Ethical leadership, according to INSEAD Professor N. Craig Smith, is built on three elements: value orientation, articulation of the corporate values and a clear vision for the future. When leaders ignore any of these, they weaken trust and make people less likely to speak up across the organisation. Research by Knoll and Van Dick supports this, showing that authenticity is positively linked to employee voice and negatively linked to silence.
The four primary reasons employees remain silent are fear, futility, lack of pro-social behaviour and opportunism. To encourage ethical behaviour, organisations need to create transparent whistleblowing policies that ensures employees can voice concerns without retaliation and promote a culture of integrity.
In practice, it can be incredibly hard to lead authentically amidst the day-to-day busy-ness. Too many leaders focus solely on KPIs and targets, with little sense of where the organisation is heading. Providing a clear vision requires people to raise their eyes above the pavement of everydayness and fix a point on the horizon of purpose and meaning. It aligns people and gives meaning to what they do. Without it, coordination weakens and momentum fades.
Agility
Responsible leaders must be able to adapt to disruption while holding firm to ethical standards. The pace of change – from generative AI to geopolitical instability – makes long-term planning increasingly difficult. It’s hard to predict the next month, let alone the next three years.

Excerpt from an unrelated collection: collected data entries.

(* Let $(E,\rho)$ be a weighted space and let $A\subset C_b(E)$ be a subalgebra (with respect to pointwise multiplication) that contains the constant function $1_E$ and separates the points of $E$. Then $A$ is dense in $\mathscr{B}^\rho(E)$ with respect to $\|\cdot\|_\rho$.
   Context: A weighted space is a pair $(E,\rho)$ where $E$ is a completely regular Hausdorff topological space and $\rho:E\to(0,\infty)$ is an admissible weight function, meaning that for every $R\ge 0$ the sublevel set $K_R:=\{x\in E:\rho(x)\le R\}$ is compact. For $f:E\to\mathbb{R}$ put $\|f\|_\rho:=\sup_{x\in E}|f(x)|/\rho(x)$; $\mathscr{B}^\rho(E)$ denotes the closure of $C_b(E)$ (bounded continuous real functions on $E$) with respect to $\|\cdot\|_\rho$ inside the Banach space $\{f:E\to\mathbb{R}:\|f\|_\rho<\infty\}$. *)

theory Defs
  imports "HOL-Analysis.Analysis"
begin

definition admissible_weight :: "'a topology \<Rightarrow> ('a \<Rightarrow> real) \<Rightarrow> bool" where
  "admissible_weight X \<rho> \<longleftrightarrow>
     (\<forall>x\<in>topspace X. \<rho> x > 0) \<and>
     (\<forall>R\<ge>0. compactin X {x \<in> topspace X. \<rho> x \<le> R})"

definition weighted_space :: "'a topology \<Rightarrow> ('a \<Rightarrow> real) \<Rightarrow> bool" where
  "weighted_space X \<rho> \<longleftrightarrow>
     completely_regular_space X \<and> Hausdorff_space X \<and> admissible_weight X \<rho>"

definition wbounded :: "'a topology \<Rightarrow> ('a \<Rightarrow> real) \<Rightarrow> ('a \<Rightarrow> real) \<Rightarrow> bool" where
  "wbounded X \<rho> f \<longleftrightarrow> bdd_above ((\<lambda>x. \<bar>f x\<bar> / \<rho> x) ` topspace X)"

text \<open>Weighted sup norm (the 0 only matters for the empty space, all values are nonnegative).\<close>
definition wnorm :: "'a topology \<Rightarrow> ('a \<Rightarrow> real) \<Rightarrow> ('a \<Rightarrow> real) \<Rightarrow> real" where
  "wnorm X \<rho> f = Sup (insert 0 ((\<lambda>x. \<bar>f x\<bar> / \<rho> x) ` topspace X))"

definition Cb :: "'a topology \<Rightarrow> ('a \<Rightarrow> real) set" where
  "Cb X = {f. continuous_map X euclideanreal f \<and> bounded (f ` topspace X)}"

definition B_rho :: "'a topology \<Rightarrow> ('a \<Rightarrow> real) \<Rightarrow> ('a \<Rightarrow> real) set" where
  "B_rho X \<rho> = {f. wbounded X \<rho> f \<and>
      (\<forall>\<epsilon>>0. \<exists>g\<in>Cb X. wbounded X \<rho> (\<lambda>x. f x - g x) \<and> wnorm X \<rho> (\<lambda>x. f x - g x) < \<epsilon>)}"

end

theory Submission
  imports Defs
begin

(* A function of B^rho(E) is weighted-close to some bounded continuous g, so it suffices to
   approximate g \<in> C_b(E). Since the weight is bounded below by some c > 0 and the sublevel set
   K_R is compact, Stone-Weierstrass on K_R gives h \<in> A uniformly close to g there. Clipping h to
   the range of g and approximating the clipped function by polynomials in h keeps the
   approximant in A, still close to g on K_R, and uniformly bounded on E; outside K_R the weight
   exceeds R, so the bounded error divided by the weight is small as well. *)

(* A copy of the product space 'i \<Rightarrow> real carrying the t2_space instance required by
   Stone_Weierstrass_HOL; the function type itself cannot get one, since it would clash with its
   metric_space arity for countable index types. *)
datatype 'i rtuple = Tuple (coords: "'i \<Rightarrow> real")

instantiation rtuple :: (type) topological_space
begin
definition open_rtuple_def: "open U \<longleftrightarrow> open (Tuple -` U)"
instance
proof
  show "open (UNIV :: 'a rtuple set)" by (simp add: open_rtuple_def)
  show "open (S \<inter> T)" if "open S" "open T" for S T :: "'a rtuple set"
    using that by (simp add: open_rtuple_def open_Int vimage_Int)
  show "open (\<Union>K)" if "\<forall>S\<in>K. open S" for K :: "'a rtuple set set"
    using that unfolding open_rtuple_def vimage_Union by (intro open_UN) auto
qed
end

lemma open_vimage_coords: "open U \<Longrightarrow> open (coords -` U)"
  by (simp add: open_rtuple_def vimage_def)

lemma open_Collect_coords: "open U \<Longrightarrow> open {z. coords z i \<in> U}"
proof -
  assume "open U"
  then have "open {f :: 'a \<Rightarrow> real. f i \<in> U}"
    using open_vimage[OF _ continuous_on_product_coordinates] by (simp add: vimage_def)
  from open_vimage_coords[OF this] show ?thesis
    by (simp add: vimage_def)
qed

instance rtuple :: (type) t2_space
proof
  fix x y :: "'a rtuple"
  assume "x \<noteq> y"
  then have "coords x \<noteq> coords y"
    using rtuple.expand by blast
  then obtain i where "coords x i \<noteq> coords y i"
    by auto
  from hausdorff[OF this] obtain U V
    where UV: "open U" "open V" "coords x i \<in> U" "coords y i \<in> V" "U \<inter> V = {}"
    by blast
  show "\<exists>U V. open U \<and> open V \<and> x \<in> U \<and> y \<in> V \<and> U \<inter> V = {}"
  proof (intro exI conjI)
    show "open {z. coords z i \<in> U}" "open {z. coords z i \<in> V}"
      using UV(1,2) by (simp_all add: open_Collect_coords)
    show "x \<in> {z. coords z i \<in> U}" "y \<in> {z. coords z i \<in> V}"
      using UV(3,4) by simp_all
    show "{z. coords z i \<in> U} \<inter> {z. coords z i \<in> V} = {}"
      using UV(5) by blast
  qed
qed
(* Let $L_0+\lambda L_1\in\mathbb{C}[\lambda]^{m\times n}$ be a matrix pencil. Suppose $U\in\mathbb{C}^{m\times m}$, $V\in\mathbb{C}^{n\times n}$ are unitary and \[ U^*(L_0+\lambda L_1)V=\begin{bmatrix}\tilde A & X\\ 0 & A_r\end{bmatrix}+\lambda\begin{bmatrix}\tilde E & Y\\ 0 & E_r\end{bmatrix}, \] where $A_r$ has full column rank and $\tilde A+\lambda\tilde E$ is block upper triangular with block rows of sizes $s_1,\dots,s_k$ and block columns of sizes $t_1,\dots,t_k$ (blocks $A_{i,j},E_{i,j}\in\mathbb{C}^{s_i\times t_j}$), with zero block-diagonal blocks in $\tilde A$, each $E_{i,i}$ of full row rank $s_i$ and each $A_{i,i+1}$ of full column rank $t_{i+1}$. Let $U_d$ and $V_d$ be unitary block-diagonal matrices, conformal with this block structure (and equal to the identity on the rows/columns outside $\tilde A+\lambda\tilde E$), such that, with $\hat U=UU_d$ and $\hat V=VV_d$ in place of $U,V$, the stairs take the form $A_{i,i+1}=\begin{bmatrix}\hat A_{i,i+1}\\0\end{bmatrix}$, $E_{i,i}=\begin{bmatrix}0&\hat E_{i,i}\end{bmatrix}$ with $\hat A_{i,i+1},\hat E_{i,i}$ square, upper triangular and invertible. Let $S$ and $T$ be unit upper triangular matrices bidiagonalizing the resulting leading subpencil $\tilde A+\lambda\tilde E$ (i.e. eliminating all blocks except the $E_{i,i}$ and $A_{i,i+1}$), extended by identity blocks to size $m\times m$ and $n\times n$. Define $\hat S:=UU_dS$ and $\hat T:=VV_dT$, $\sigma_i:=\sum_{j=1}^i s_j$, $\tau_i:=\sum_{j=1}^i t_j$. Define the Wong sequences $\mathcal{U}_0=\{0\}\subseteq\mathbb{C}^m$ and, for $i=1,\dots,k$, $\mathcal{V}_i=L_0^{\leftarrow}\mathcal{U}_{i-1}\subseteq\mathbb{C}^n$ and $\mathcal{U}_i=L_1\mathcal{V}_i\subseteq\mathbb{C}^m$. Then for $i=1,\dots,k$, \[ \mathcal{U}_i=\operatorname{im}\hat S\begin{bmatrix}I_{\sigma_i}\\0\end{bmatrix},\qquad \mathcal{V}_i=\operatorname{im}\hat T\begin{bmatrix}I_{\tau_i}\\0\end{bmatrix}, \] i.e. the (in general non-orthonormal) leading block columns of $\hat S$ and $\hat T$ span the nested Wong spaces.
   Context: For a matrix $M$ and subspaces $\mathcal{V},\mathcal{U}$: $M\mathcal{V}:=\{Mv: v\in\mathcal{V}\}$ is the image and $M^{\leftarrow}\mathcal{U}:=\{v: Mv\in\mathcal{U}\}$ is the preimage. A unit upper triangular matrix is upper triangular with ones on the diagonal. It is known (and used here) that for such a staircase form the Wong spaces satisfy $\mathcal{U}_i=\operatorname{im}U\begin{bmatrix}I_{\sigma_i}\\0\end{bmatrix}$ and $\mathcal{V}_i=\operatorname{im}V\begin{bmatrix}I_{\tau_i}\\0\end{bmatrix}$. *)

theory Defs
  imports "Jordan_Normal_Form.DL_Rank" "Jordan_Normal_Form.Schur_Decomposition"
begin

text \<open>Complex matrices are Jordan_Normal_Form matrices of type complex mat
  (dimensions stored in the value).  U^* is mat_adjoint U.\<close>

definition unitary_mat :: "complex mat \<Rightarrow> nat \<Rightarrow> bool" where
  "unitary_mat U n \<longleftrightarrow> U \<in> carrier_mat n n \<and> mat_adjoint U * U = 1\<^sub>m n"

definition unit_upper_triangular :: "complex mat \<Rightarrow> bool" where
  "unit_upper_triangular A \<longleftrightarrow> dim_row A = dim_col A \<and> upper_triangular A
     \<and> (\<forall>i < dim_row A. A $$ (i,i) = 1)"

definition mrank :: "complex mat \<Rightarrow> nat" where
  "mrank A = vec_space.rank (dim_row A) (A :: complex mat)"

definition full_col_rank :: "complex mat \<Rightarrow> bool" where
  "full_col_rank A \<longleftrightarrow> mrank A = dim_col A"

definition full_row_rank :: "complex mat \<Rightarrow> bool" where
  "full_row_rank A \<longleftrightarrow> mrank A = dim_row A"

definition psum :: "(nat \<Rightarrow> nat) \<Rightarrow> nat \<Rightarrow> nat" where
  "psum s i = (\<Sum>j = 1..i. s j)"

definition sub_block :: "'a mat \<Rightarrow> nat \<Rightarrow> nat \<Rightarrow> nat \<Rightarrow> nat \<Rightarrow> 'a mat" where
  "sub_block M r0 c0 r c = mat r c (\<lambda>(i,j). M $$ (r0 + i, c0 + j))"

text \<open>block (i,j) (1-based) for block row sizes s and block column sizes t\<close>
definition blk :: "'a mat \<Rightarrow> (nat \<Rightarrow> nat) \<Rightarrow> (nat \<Rightarrow> nat) \<Rightarrow> nat \<Rightarrow> nat \<Rightarrow> 'a mat" where
  "blk M s t i j = sub_block M (psum s (i - 1)) (psum t (j - 1)) (s i) (t j)"

definition lead_cols :: "complex mat \<Rightarrow> nat \<Rightarrow> complex mat" where
  "lead_cols M r = M * mat (dim_col M) r (\<lambda>(i,j). if i = j then 1 else 0)"

definition col_image :: "complex mat \<Rightarrow> complex vec set" where
  "col_image M = {M *\<^sub>v x | x. x \<in> carrier_vec (dim_col M)}"

fun wongU :: "complex mat \<Rightarrow> complex mat \<Rightarrow> nat \<Rightarrow> complex vec set" where
  "wongU L0 L1 0 = {0\<^sub>v (dim_row L0)}"
| "wongU L0 L1 (Suc i) =
     {L1 *\<^sub>v v | v. v \<in> carrier_vec (dim_col L0) \<and> L0 *\<^sub>v v \<in> wongU L0 L1 i}"

definition wongV :: "complex mat \<Rightarrow> complex mat \<Rightarrow> nat \<Rightarrow> complex vec set" where
  "wongV L0 L1 i = {v \<in> carrier_vec (dim_col L0). L0 *\<^sub>v v \<in> wongU L0 L1 (i - 1)}"

end

theory Submission
  imports Defs
begin

(*
  Put A = U^* L0 V, E = U^* L1 V, and let W_p = lead_vecs _ p be the vectors whose entries
  from position p on vanish, i.e. the image of [I_p; 0]. Wong sequences are transported by
  equivalences of pencils, so it suffices to compute them for (A, E). The preimage under A of
  W_(sigma_(i-1)) is W_(tau_i): the zero diagonal blocks give one inclusion, and for the other
  the full column rank of A_r and of the stairs A_(j,j+1) kills the trailing coordinates of the
  preimage block by block, starting from the last. Dually E maps W_(tau_i) onto W_(sigma_i), by
  induction on i, using the full row rank of the diagonal blocks E_(i,i). Hence U_i = U W_(sigma_i)
  and V_i = V W_(tau_i). Finally U_d S and V_d T fix these spaces, because both factors are block
  upper triangular with invertible leading blocks.
*)

section \<open>Block partitions\<close>

lemma psum_mono: "i \<le> j \<Longrightarrow> psum s i \<le> psum s j"
  unfolding psum_def by (rule sum_mono2) auto

lemma psum_Suc: "psum s (Suc i) = psum s i + s (Suc i)"
  unfolding psum_def by simp

lemma psum_pred: "1 \<le> i \<Longrightarrow> psum s i = psum s (i - 1) + s i"
  by (cases i) (auto simp: psum_Suc)

lemma psum_locate:
  assumes "l < psum s k"
  shows "\<exists>b \<in> {1..k}. psum s (b - 1) \<le> l \<and> l < psum s b"
  using assms
proof (induction k)
  case 0
  then show ?case by (simp add: psum_def)
next
  case (Suc k)
  show ?case
  proof (cases "l < psum s k")
    case True
    then show ?thesis using Suc.IH by fastforce
  next
    case False
    then show ?thesis using Suc.prems by (intro bexI[of _ "Suc k"]) auto
  qed
qed

lemma sub_block_index [simp]:
  "i < r \<Longrightarrow> j < c \<Longrightarrow> sub_block M r0 c0 r c $$ (i, j) = M $$ (r0 + i, c0 + j)"
  unfolding sub_block_def by simp

lemma dim_sub_block [simp]:
  "dim_row (sub_block M r0 c0 r c) = r" "dim_col (sub_block M r0 c0 r c) = c"
  unfolding sub_block_def by simp_all

lemma sub_block_carrier [simp]: "sub_block M r0 c0 r c \<in> carrier_mat r c"
  by (simp add: carrier_matI)

lemma sub_block_zero_entry:
  assumes "sub_block M r0 c0 r c = 0\<^sub>m r c" "r0 \<le> i" "i < r0 + r" "c0 \<le> j" "j < c0 + c"
  shows "M $$ (i, j) = 0"
proof -
  have "sub_block M r0 c0 r c $$ (i - r0, j - c0) = 0" using assms by simp
  then show ?thesis using assms(2-5) by simp
qed

section \<open>Vectors supported on leading coordinates\<close>

definition lead_vecs :: "nat \<Rightarrow> nat \<Rightarrow> 'a :: zero vec set" where
  "lead_vecs d p = {x \<in> carrier_vec d. \<forall>j < d. p \<le> j \<longrightarrow> x $ j = 0}"

lemma lead_vecs_carrier: "x \<in> lead_vecs d p \<Longrightarrow> x \<in> carrier_vec d"
  unfolding lead_vecs_def by simp

lemma lead_vecs_0: "lead_vecs d 0 = {0\<^sub>v d}"
  unfolding lead_vecs_def by (auto intro!: eq_vecI)

lemma lead_vecs_full: "d \<le> p \<Longrightarrow> lead_vecs d p = carrier_vec d"
  unfolding lead_vecs_def by auto

lemma lead_vecs_mono: "p \<le> q \<Longrightarrow> lead_vecs d p \<subseteq> lead_vecs d q"
  unfolding lead_vecs_def by auto

definition lower_left_zero :: "'a :: zero mat \<Rightarrow> nat \<Rightarrow> nat \<Rightarrow> bool" where
  "lower_left_zero M q p \<longleftrightarrow>
     (\<forall>r c. r < dim_row M \<longrightarrow> c < dim_col M \<longrightarrow> q \<le> r \<longrightarrow> c < p \<longrightarrow> M $$ (r, c) = 0)"

lemma lower_left_zero_mono:
  "lower_left_zero M q p \<Longrightarrow> q \<le> q' \<Longrightarrow> p' \<le> p \<Longrightarrow> lower_left_zero M q' p'"
  unfolding lower_left_zero_def by auto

To meet this challenge, leaders must set up their organisations to be flexible enough to test, adapt and adjust, with a high tolerance for error. This means creating space for rapid prototyping and innovation, backed by confidence and resilience – even when the ground keeps shifting. An agile CEO builds a purpose-driven culture where experimentation is encouraged and failure is accepted as part of progress. Leaders like Patagonia’s Yvon Chouinard and Amazon’s Jeff Bezos have embraced this approach, making agility a core part of how their organisations operate.
Agility is already being tested on multiple fronts. Generative AI is just one example of the complex terrain leaders now face. It brings opportunities and ethical dilemmas, and most organisations know it must be integrated thoughtfully. Moreover, with restricted access to capital, tariffs, sanctions and rising political risks, the need for agility becomes even more urgent.
To develop responsible leaders, business schools and companies must support this leadership shift. Leaders who master the three A’s of responsible leadership will not only build resilient organisations but also inspire the next generation of responsible leaders. The demands have changed, and leadership needs to change with them.